Constant-time vinyl Field Getters

2018-02-13

The vinyl package offers a take on extensible records for Haskell with an emphasis on using lenses for manipulation. A representative use of their strengths is the relative ease with which one can work on a subset of fields of a large record. However, their implementation as a heterogeneously-typed list means that accessing a field takes an amount of time proportional to the field's position in the record. For small records, this is not significant, but we now offer a mechanism to package a record up in a value whose API is identical to that of classic vinyl but offers constant-time field access.

Fields with Names

To set the scene, let's take a quick review of basic vinyl records with named fields.

#! /usr/bin/env nix-shell
#! nix-shell -i runghc -p 'haskell.packages.ghc822.ghcWithPackages (ps: [ps.vinyl ps.microlens])'
{-# LANGUAGE DataKinds, FlexibleContexts, OverloadedLabels, TypeFamilies, TypeOperators #-}
import Data.Vinyl
import Lens.Micro

myRec :: Rec ElField '["name" ::: String, "number" ::: Int]
myRec = #name =: "Anthony" :& #number =: 23 :& RNil

incrementNumber :: HasField record "number" fs Int
                => record ElField fs -> record ElField fs
incrementNumber = rlensf #number %~ succ

main :: IO ()
main = print (incrementNumber myRec)

This code snippet (depending on vinyl >= 0.8) defines a record value, myRec, with two fields, and a function, incrementNumber, that can work with any record value of any record type as long as it has a field named "number".

Is vinyl slow?

It can be! For small records, list-like performance characteristics are fine, but if you have a record with more than half a dozen fields, you may notice that the speed of extracting fields depends on where in the record those fields are located.

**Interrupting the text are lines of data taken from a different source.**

lemma torus_datum_iso:
  assumes G: "group G" and K: "group K" and iso: "\<phi> \<in> iso G K"
    and U: "U \<subseteq> carrier G" and V: "V \<subseteq> carrier G" and datum: "torus_datum G U V (T::'h itself)"
  shows "torus_datum K (\<phi> ` U) (\<phi> ` V) T"
proof -
  interpret \<phi>: group_hom G K \<phi> using G K iso by (simp add: group_hom_def group_hom_axioms_def iso_def)
  have inj: "inj_on \<phi> (carrier G)" using iso by (simp add: iso_def bij_betw_def)
  obtain z t where z: "z \<in> U" and t: "t \<in> V"
    and acts: "\<forall>y\<in>V. z \<otimes>\<^bsub>G\<^esub> y \<otimes>\<^bsub>G\<^esub> inv\<^bsub>G\<^esub> z = t \<otimes>\<^bsub>G\<^esub> y \<otimes>\<^bsub>G\<^esub> inv\<^bsub>G\<^esub> t"
    and D: "V \<inter> normalizer G U = {y\<in>V. y \<otimes>\<^bsub>G\<^esub> t = t \<otimes>\<^bsub>G\<^esub> y}"
    and ab: "\<forall>a\<in>V \<inter> normalizer G U. \<forall>b\<in>V \<inter> normalizer G U. a \<otimes>\<^bsub>G\<^esub> b = b \<otimes>\<^bsub>G\<^esub> a"
    and rig: "rigid G U V t T"
    using datum unfolding torus_datum_def by blast
  have zG: "z \<in> carrier G" and tG: "t \<in> carrier G" using z t U V by auto
  have N: "\<phi> y \<in> normalizer K (\<phi> ` U) \<longleftrightarrow> y \<in> normalizer G U" if "y \<in> V" for y
    using iso_normalizer_iff[OF G K iso U] that V by blast
  have comm: "\<phi> a \<otimes>\<^bsub>K\<^esub> \<phi> b = \<phi> b \<otimes>\<^bsub>K\<^esub> \<phi> a \<longleftrightarrow> a \<otimes>\<^bsub>G\<^esub> b = b \<otimes>\<^bsub>G\<^esub> a" if "a \<in> V" "b \<in> V" for a b
    using that V \<phi>.inj_commute_iff[OF inj] by blast
  have "\<phi> z \<otimes>\<^bsub>K\<^esub> \<phi> y \<otimes>\<^bsub>K\<^esub> inv\<^bsub>K\<^esub> \<phi> z = \<phi> t \<otimes>\<^bsub>K\<^esub> \<phi> y \<otimes>\<^bsub>K\<^esub> inv\<^bsub>K\<^esub> \<phi> t" if "y \<in> V" for y
  proof -
    have "\<phi> (z \<otimes>\<^bsub>G\<^esub> y \<otimes>\<^bsub>G\<^esub> inv\<^bsub>G\<^esub> z) = \<phi> (t \<otimes>\<^bsub>G\<^esub> y \<otimes>\<^bsub>G\<^esub> inv\<^bsub>G\<^esub> t)"
      using acts that by simp
    then show ?thesis using zG tG that V by (simp add: subset_iff)
  qed
  moreover have "\<phi> ` V \<inter> normalizer K (\<phi> ` U) = {y\<in>\<phi> ` V. y \<otimes>\<^bsub>K\<^esub> \<phi> t = \<phi> t \<otimes>\<^bsub>K\<^esub> y}"
  proof (intro equalityI subsetI)
    fix y' assume "y' \<in> \<phi> ` V \<inter> normalizer K (\<phi> ` U)"
    then obtain y where "y \<in> V" "y' = \<phi> y" "y \<in> normalizer G U" using N by auto
    then show "y' \<in> {y\<in>\<phi> ` V. y \<otimes>\<^bsub>K\<^esub> \<phi> t = \<phi> t \<otimes>\<^bsub>K\<^esub> y}" using D comm[OF _ t] by auto
  next
    fix y' assume "y' \<in> {y\<in>\<phi> ` V. y \<otimes>\<^bsub>K\<^esub> \<phi> t = \<phi> t \<otimes>\<^bsub>K\<^esub> y}"
    then obtain y where "y \<in> V" "y' = \<phi> y" "y \<otimes>\<^bsub>G\<^esub> t = t \<otimes>\<^bsub>G\<^esub> y" using comm[OF _ t] by auto
    then show "y' \<in> \<phi> ` V \<inter> normalizer K (\<phi> ` U)" using D N by auto
  qed
  moreover have "\<forall>a\<in>\<phi> ` V \<inter> normalizer K (\<phi> ` U). \<forall>b\<in>\<phi> ` V \<inter> normalizer K (\<phi> ` U).
      a \<otimes>\<^bsub>K\<^esub> b = b \<otimes>\<^bsub>K\<^esub> a"
  proof (intro ballI)
    fix a' b' assume "a' \<in> \<phi> ` V \<inter> normalizer K (\<phi> ` U)" "b' \<in> \<phi> ` V \<inter> normalizer K (\<phi> ` U)"
    then obtain a b where "a \<in> V \<inter> normalizer G U" "b \<in> V \<inter> normalizer G U" "a' = \<phi> a" "b' = \<phi> b"
      using N by auto
    then show "a' \<otimes>\<^bsub>K\<^esub> b' = b' \<otimes>\<^bsub>K\<^esub> a'" using ab comm by auto
  qed
  moreover have "rigid K (\<phi> ` U) (\<phi> ` V) (\<phi> t) T" using rigid_iso[OF G K iso U V tG rig] .
  ultimately show ?thesis using z t unfolding torus_datum_def by blast
qed

lemma (in group_hom) induced_conj_commutator_in_kernel:
  assumes ci: "centralizes_induces G h H U V g s"
    and U: "U \<subseteq> carrier G" and V: "V \<subseteq> carrier G" and s: "s \<in> carrier G"
    and x0: "x0 \<in> U" and t: "t \<in> V" and comm: "x0 \<otimes>\<^bsub>G\<^esub> t = t \<otimes>\<^bsub>G\<^esub> x0"
  shows "h (x0 \<otimes>\<^bsub>G\<^esub> (s \<otimes>\<^bsub>G\<^esub> t \<otimes>\<^bsub>G\<^esub> inv\<^bsub>G\<^esub> s) \<otimes>\<^bsub>G\<^esub> inv\<^bsub>G\<^esub> x0 \<otimes>\<^bsub>G\<^esub>
      inv\<^bsub>G\<^esub> (s \<otimes>\<^bsub>G\<^esub> t \<otimes>\<^bsub>G\<^esub> inv\<^bsub>G\<^esub> s)) = \<one>\<^bsub>H\<^esub>"
proof -
  have g: "g \<in> carrier H" and gU: "g \<otimes>\<^bsub>H\<^esub> h x0 = h x0 \<otimes>\<^bsub>H\<^esub> g"
    and gV: "g \<otimes>\<^bsub>H\<^esub> h t \<otimes>\<^bsub>H\<^esub> inv\<^bsub>H\<^esub> g = h (s \<otimes>\<^bsub>G\<^esub> t \<otimes>\<^bsub>G\<^esub> inv\<^bsub>G\<^esub> s)"
    using ci x0 t unfolding centralizes_induces_def by auto
  have x0G: "x0 \<in> carrier G" and tG: "t \<in> carrier G" using x0 t U V by auto
  define y' where "y' = s \<otimes>\<^bsub>G\<^esub> t \<otimes>\<^bsub>G\<^esub> inv\<^bsub>G\<^esub> s"
  have y'G: "y' \<in> carrier G" using s tG by (simp add: y'_def)
  \<comment> \<open>\<open>h y'\<close> is the conjugate of \<open>h t\<close> by \<open>g\<close>, and \<open>g\<close> centralizes \<open>h x0\<close>.\<close>
  have "h x0 \<otimes>\<^bsub>H\<^esub> h y' = h y' \<otimes>\<^bsub>H\<^esub> h x0"
    using H.commute_conj[OF g _ _ gU hom_commute[OF x0G tG comm]] gV x0G tG by (simp add: y'_def)
  then have "h x0 \<otimes>\<^bsub>H\<^esub> h y' \<otimes>\<^bsub>H\<^esub> inv\<^bsub>H\<^esub> h x0 \<otimes>\<^bsub>H\<^esub> inv\<^bsub>H\<^esub> h y' = \<one>\<^bsub>H\<^esub>"
    using x0G y'G by (intro H.commutator_eq_one) simp_all
  then show ?thesis using x0G y'G by (simp add: y'_def[symmetric])
qed

lemma (in group_hom) induced_conj_weyl_images_eq:
  assumes ci: "centralizes_induces G h H U V g s"
    and U: "U \<subseteq> carrier G" and V: "V \<subseteq> carrier G" and s: "s \<in> carrier G"
    and n: "n \<in> U" and u: "u \<in> U" "u' \<in> U" and d: "d \<in> V" and sd: "s \<otimes>\<^bsub>G\<^esub> d \<otimes>\<^bsub>G\<^esub> inv\<^bsub>G\<^esub> s = d'"
    and nd: "n \<otimes>\<^bsub>G\<^esub> d \<otimes>\<^bsub>G\<^esub> inv\<^bsub>G\<^esub> n = u \<otimes>\<^bsub>G\<^esub> d"
    and nd': "n \<otimes>\<^bsub>G\<^esub> d' \<otimes>\<^bsub>G\<^esub> inv\<^bsub>G\<^esub> n = u' \<otimes>\<^bsub>G\<^esub> d'"
  shows "h u = h u'"
proof -
  have g: "g \<in> carrier H" and gU: "\<And>x. x \<in> U \<Longrightarrow> g \<otimes>\<^bsub>H\<^esub> h x = h x \<otimes>\<^bsub>H\<^esub> g"
    and gd: "g \<otimes>\<^bsub>H\<^esub> h d \<otimes>\<^bsub>H\<^esub> inv\<^bsub>H\<^esub> g = h d'"
    using ci d sd unfolding centralizes_induces_def by auto
  have c: "n \<in> carrier G" "u \<in> carrier G" "u' \<in> carrier G" "d \<in> carrier G" "d' \<in> carrier G"
    using n u d U V s sd by auto
  have "h u' \<otimes>\<^bsub>H\<^esub> h d' = h n \<otimes>\<^bsub>H\<^esub> h d' \<otimes>\<^bsub>H\<^esub> inv\<^bsub>H\<^esub> h n" using arg_cong[OF nd', of h] c by simp
  also have "\<dots> = g \<otimes>\<^bsub>H\<^esub> (h n \<otimes>\<^bsub>H\<^esub> h d \<otimes>\<^bsub>H\<^esub> inv\<^bsub>H\<^esub> h n) \<otimes>\<^bsub>H\<^esub> inv\<^bsub>H\<^esub> g"
    unfolding gd[symmetric] using c by (intro H.conj_conj_commute g gU n) simp_all
  also have "h n \<otimes>\<^bsub>H\<^esub> h d \<otimes>\<^bsub>H\<^esub> inv\<^bsub>H\<^esub> h n = h u \<otimes>\<^bsub>H\<^esub> h d" using arg_cong[OF nd, of h] c by simp
  also have "g \<otimes>\<^bsub>H\<^esub> (h u \<otimes>\<^bsub>H\<^esub> h d) \<otimes>\<^bsub>H\<^esub> inv\<^bsub>H\<^esub> g = h u \<otimes>\<^bsub>H\<^esub> h d'"
    unfolding gd[symmetric] using c by (intro H.conj_mult_commute g gU u) simp_all
  finally show ?thesis using c H.right_cancel[of "h d'" "h u'" "h u"] by simp
qed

If you have a collection of vinyl records, you may be able to employ a technique I have long relied upon: a vinyl record whose fields are Storable may be stored in a Data.Vector.Storable Vector, and accessing the fields of a vinyl record so stored is both constant-time and extremely fast. Since the record's type identifies the exact byte offset of each field, accessing a field is a pointer offset.

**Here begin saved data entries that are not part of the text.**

(* Let $X_1,\dots,X_m$ be jointly distributed random variables, each taking values in $\{0,1\}^t$, that have $(T,\varepsilon_1)$ conditional pseudo-min-entropy $\alpha$. Let $H$ be an extractor family $\{0,1\}^t\times\{0,1\}^r\to\{0,1\}^\ell$ for min-entropy $\alpha$ with error $\varepsilon_2$, such that every function in the support of $H$ is computable by a circuit of size $T_0$. Let $R_1,\dots,R_m$ be independent uniform elements of $\{0,1\}^r$, independent of $X_1,\dots,X_m$. Then with probability at least $1/2$ over the choice of a function $h\sim H$, the distribution $(h(X_1,R_1),\dots,h(X_m,R_m))$ is $(T-mT_0,\ m\varepsilon_1+2m^2\varepsilon_2)$-pseudorandom.
   Context: A sequence $X_1,\dots,X_m$ of jointly distributed random variables on $\{0,1\}^t$ has $(s,\varepsilon)$ conditional pseudo-min-entropy $\alpha$ if for every $1\le i\le m$ there is a random variable $Y_i$ jointly distributed with $X_1,\dots,X_{i-1}$ such that (i) for every possible value of $(X_1,\dots,X_{i-1})$, the min-entropy of $Y_i$ conditioned on that value is at least $\alpha$, and (ii) for every circuit $D$ of size at most $s$, $|\Pr[D(X_1,\dots,X_{i-1},X_i)=1]-\Pr[D(X_1,\dots,X_{i-1},Y_i)=1]|\le\varepsilon$. An extractor family for min-entropy $\alpha$ with error $\varepsilon$ is a distribution $H$ on functions $\{0,1\}^t\times\{0,1\}^r\to\{0,1\}^\ell$ such that for every random variable $X$ on $\{0,1\}^t$ of min-entropy at least $\alpha$, $(H,H(X,U_r))$ and $(H,U_\ell)$ are within statistical distance $\varepsilon$ (with $H,X,U_r$ independent, $U_r,U_\ell$ uniform). A random variable $Z$ on $\{0,1\}^N$ is $(s,\varepsilon)$-pseudorandom if for every circuit $D$ of size at most $s$, $|\Pr[D(Z)=1]-\Pr[D(U_N)=1]|\le\varepsilon$ with $U_N$ uniform. Circuits are nonuniform. *)

theory Defs
  imports "HOL-Probability.Probability"
begin
lemma open_subgroup_in_compact_open:
  assumes tg: "topological_group G T" and C: "compactin T C" "openin T C" "\<one>\<^bsub>G\<^esub> \<in> C"
  obtains H where "subgroup H G" "openin T H" "H \<subseteq> C"
proof -
  have grp: "group G" and top: "topspace T = carrier G"
    and inv: "continuous_map T T (\<lambda>x. inv\<^bsub>G\<^esub> x)"
    using tg by (auto simp: topological_group_def)
  obtain V where V: "openin T V" "\<one>\<^bsub>G\<^esub> \<in> V"
    "\<And>c v. c \<in> C \<Longrightarrow> v \<in> V \<Longrightarrow> c \<otimes>\<^bsub>G\<^esub> v \<in> C"
    using compactin_openin_mult_stable_nbhd[OF tg C(1,2)] by blast
  define W where "W = {v \<in> V. inv\<^bsub>G\<^esub> v \<in> V}"
  have "W = V \<inter> {x \<in> topspace T. inv\<^bsub>G\<^esub> x \<in> V}"
    using openin_subset[OF V(1)] by (auto simp: W_def)
  then have W: "openin T W"
    using openin_continuous_map_preimage[OF inv V(1)] V(1) by auto
  have Wc: "W \<subseteq> carrier G"
    using openin_subset[OF W] top by simp
  have "\<one>\<^bsub>G\<^esub> \<in> W"
    using V(2) grp by (simp add: W_def group.is_monoid monoid.inv_one)
  show thesis
  proof
    show "subgroup (generate G W) G"
      using grp Wc by (simp add: group.generate_is_subgroup)
    show "openin T (generate G W)"
      by (rule openin_generate[OF tg W \<open>\<one>\<^bsub>G\<^esub> \<in> W\<close>])
    show "generate G W \<subseteq> C"
      using group.generate_subset_right_stable[OF grp _ C(3) Wc] openin_subset[OF C(2)] V(3) top
      by (auto simp: W_def)
  qed
qed

lemma profinite_group_open_subgroup_in_nbhd:
  assumes "profinite_group G T" "openin T N" "\<one>\<^bsub>G\<^esub> \<in> N"
  obtains H where "subgroup H G" "openin T H" "H \<subseteq> N"
proof -
  have tg: "topological_group G T" and "compact_space T"
    using assms(1) by (auto simp: profinite_group_def)
  then obtain C where "closedin T C" "openin T C" "\<one>\<^bsub>G\<^esub> \<in> C" "C \<subseteq> N"
    using locally_compact_totally_disconnected_clopen_nbhd[OF _ _ _ assms(2,3)] assms(1)
    by (auto simp: profinite_group_def compact_imp_locally_compact_space)
  moreover from this have "compactin T C"
    using \<open>compact_space T\<close> closedin_compact_space by blast
  ultimately obtain H where "subgroup H G" "openin T H" "H \<subseteq> C"
    using open_subgroup_in_compact_open[OF tg] by metis
  with \<open>C \<subseteq> N\<close> show thesis
    using that by blast
qed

But not every type is Storable! A critical component of a Storable instance is a statically-known size (in bytes) of values of the type, and this is not known for exotic types like, say, lists.

Programmers who face challenges with the linear performance of list-like data structures often turn to arrays to gain predictable element access times. That is not to say that arrays are always preferable: adding an element to the head of a list is very fast, while adding elements to an array is harder to do efficiently. That said, the fast lookup time of an array element is a powerful thing, so it should be an option for vinyl users! Here is a port of the above example to include a usage of an array-like vinyl record:

#! /usr/bin/env nix-shell
#! nix-shell -i runghc -p 'haskell.packages.ghc822.ghcWithPackages (ps: [ps.vinyl ps.microlens])'
{-# LANGUAGE DataKinds, FlexibleContexts, OverloadedLabels, TypeFamilies, TypeOperators #-}
import Data.Vinyl
import Lens.Micro

myRec :: Rec ElField '["name" ::: String, "number" ::: Int]
myRec = #name =: "Anthony" :& #number =: 23 :& RNil

incrementNumber :: HasField record "number" fs Int
                => record ElField fs -> record ElField fs
incrementNumber = rlensf #number %~ succ

main :: IO ()
main = do print (incrementNumber myRec)
          print (incrementNumber (toARec myRec))

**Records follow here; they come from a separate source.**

text \<open>Below its first gap, \<open>insert (first_gap a) a\<close> contains every positive integer, so a set
  of the same size that lacks one of these must have lost it to a larger element.\<close>
lemma first_gap_less_colex_witness:
  assumes fa: "finite a" and a0: "0 \<notin> a" and fy: "finite y" "0 \<notin> y"
    and card: "card y = card (insert (first_gap a) a)"
    and s: "s \<in> insert (first_gap a) a" "s \<notin> y" "\<forall>t>s. t \<in> y \<longleftrightarrow> t \<in> insert (first_gap a) a"
  shows "first_gap a < s"
proof (rule ccontr)
  define z where "z = insert (first_gap a) a"
  assume "\<not> first_gap a < s"
  then have "s \<le> first_gap a" by simp
  have fz: "finite z" "0 \<notin> z" using fa a0 first_gap_spec(1)[OF fa] by (auto simp: z_def)
  have "s \<noteq> 0" using s(1) fz(2) unfolding z_def by metis
  have "z \<inter> {..<Suc s} = {1..s}"
  proof (rule set_eqI)
    fix t
    have "t \<in> z" if "0 < t" "t \<le> s"
      using that \<open>s \<le> first_gap a\<close> first_gap_spec(3)[OF fa, of t] by (cases "t = first_gap a") (auto simp: z_def)
    then show "t \<in> z \<inter> {..<Suc s} \<longleftrightarrow> t \<in> {1..s}"
      using fz(2) by (cases t) auto
  qed
  then have "count_below z (Suc s) = s" by (simp add: count_below_def)
  moreover have "y \<inter> {..<Suc s} \<subseteq> {1..<s}"
    using fy(2) s(2) one_le_of_zero_notin[OF fy(2)] by (auto simp: less_Suc_eq)
  then have "count_below y (Suc s) \<le> s - 1"
    unfolding count_below_def using card_mono[of "{1..<s}"] by fastforce
  moreover have "y \<inter> {Suc s..} = z \<inter> {Suc s..}" using s(3) by (auto simp: z_def)
  ultimately show False
    using card_eq_count_below_add[OF fy(1), of "Suc s"] card_eq_count_below_add[OF fz(1), of "Suc s"]
      card \<open>s \<noteq> 0\<close> unfolding z_def by simp
qed

lemma colex_less_cons_one:
  assumes fa: "finite a" and a0: "0 \<notin> a" and fy: "finite y" "0 \<notin> y"
    and card: "card y = card (insert (first_gap a) a)"
    and less: "colex_less y (insert (first_gap a) a)"
  shows "colex_less (Suc ` y) (cons_one a)"
proof -
  obtain s where s: "s \<in> insert (first_gap a) a" "s \<notin> y"
    "\<forall>t>s. t \<in> y \<longleftrightarrow> t \<in> insert (first_gap a) a"
    using less by (auto simp: colex_less_def)
  have gap: "first_gap a < s"
    using first_gap_less_colex_witness[OF fa a0 fy card s] .
  show ?thesis
    unfolding colex_less_def
  proof (intro bexI conjI allI impI)
    show "Suc s \<in> cons_one a" "Suc s \<notin> Suc ` y" using s gap by (auto simp: cons_one_def)
    fix t assume "Suc s < t"
    then obtain t' where "t = Suc t'" "s < t'" by (cases t) auto
    then show "t \<in> Suc ` y \<longleftrightarrow> t \<in> cons_one a"
      using s(3) gap by (auto simp: cons_one_def)
  qed
qed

We didn't do anything to our existing code, but we added an application of

toARec :: NatToInt (RLength ts) => Rec f ts -> ARec f ts

whose type says that any traditional vinyl Rec of finite length can be converted to an array-like ARec. If you do encounter code that is not polymorphic in the record type (recall that our incrementNumber function is polymorphic in the record type), you can always use fromARec to convert an ARec into a Rec.

Is It Worth It?

For small records, you will likely see better performance with Rec than ARec, and if you are manipulating the fields of a record you will need to profile to determine if ARec can help you. In cases where you are primarily reading fields from large records, however, ARec scales very nicely. Here is a criterion plot of a simple field access benchmark (the X-axis is measured in nanoseconds).

vinyl-arec-accessors.png

Notice that accessing later fields of a Rec takes longer than accessing earlier fields (early and late refer to where the field's type appears in the type list parameter of your Rec type). Accessing a field of an ARec is comparable to accessing the fourth field of a Rec (on the computer that ran this benchmark with GHC-8.2.2), but independent of the field's position. Accessing a field of a Rec in a Storable.Vector is extremely fast (~420 picoseconds), and does not depend on the field's position.